What needs to be done
Find the lines below in which the string "then" occurs. Copy each one.

Dataset records

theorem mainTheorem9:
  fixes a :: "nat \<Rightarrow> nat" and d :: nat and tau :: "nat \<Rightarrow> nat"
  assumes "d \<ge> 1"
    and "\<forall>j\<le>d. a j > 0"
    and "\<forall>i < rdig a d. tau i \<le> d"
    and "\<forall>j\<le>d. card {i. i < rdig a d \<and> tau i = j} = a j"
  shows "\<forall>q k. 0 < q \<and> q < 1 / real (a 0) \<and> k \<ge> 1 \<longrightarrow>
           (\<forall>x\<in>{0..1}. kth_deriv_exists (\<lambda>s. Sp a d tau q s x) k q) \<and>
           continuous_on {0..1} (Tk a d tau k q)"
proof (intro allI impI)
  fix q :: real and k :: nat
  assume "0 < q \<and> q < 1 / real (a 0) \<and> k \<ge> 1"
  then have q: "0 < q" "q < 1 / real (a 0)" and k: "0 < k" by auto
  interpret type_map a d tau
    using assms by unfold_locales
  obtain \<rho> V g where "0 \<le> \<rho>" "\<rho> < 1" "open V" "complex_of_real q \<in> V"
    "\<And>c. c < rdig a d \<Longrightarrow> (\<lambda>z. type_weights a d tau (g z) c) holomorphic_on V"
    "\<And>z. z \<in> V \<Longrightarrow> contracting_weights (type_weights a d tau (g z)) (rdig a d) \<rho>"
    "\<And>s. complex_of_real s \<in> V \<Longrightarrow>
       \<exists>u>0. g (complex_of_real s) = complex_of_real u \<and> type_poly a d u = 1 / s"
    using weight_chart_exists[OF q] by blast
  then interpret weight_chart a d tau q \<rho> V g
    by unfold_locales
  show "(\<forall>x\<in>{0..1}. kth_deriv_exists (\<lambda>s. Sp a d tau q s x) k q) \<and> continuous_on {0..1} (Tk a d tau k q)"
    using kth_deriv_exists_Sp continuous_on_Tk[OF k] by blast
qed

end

Exercise solution
  then have q: "0 < q" "q < 1 / real (a 0)" and k: "0 < k" by auto
  then interpret weight_chart a d tau q \<rho> V g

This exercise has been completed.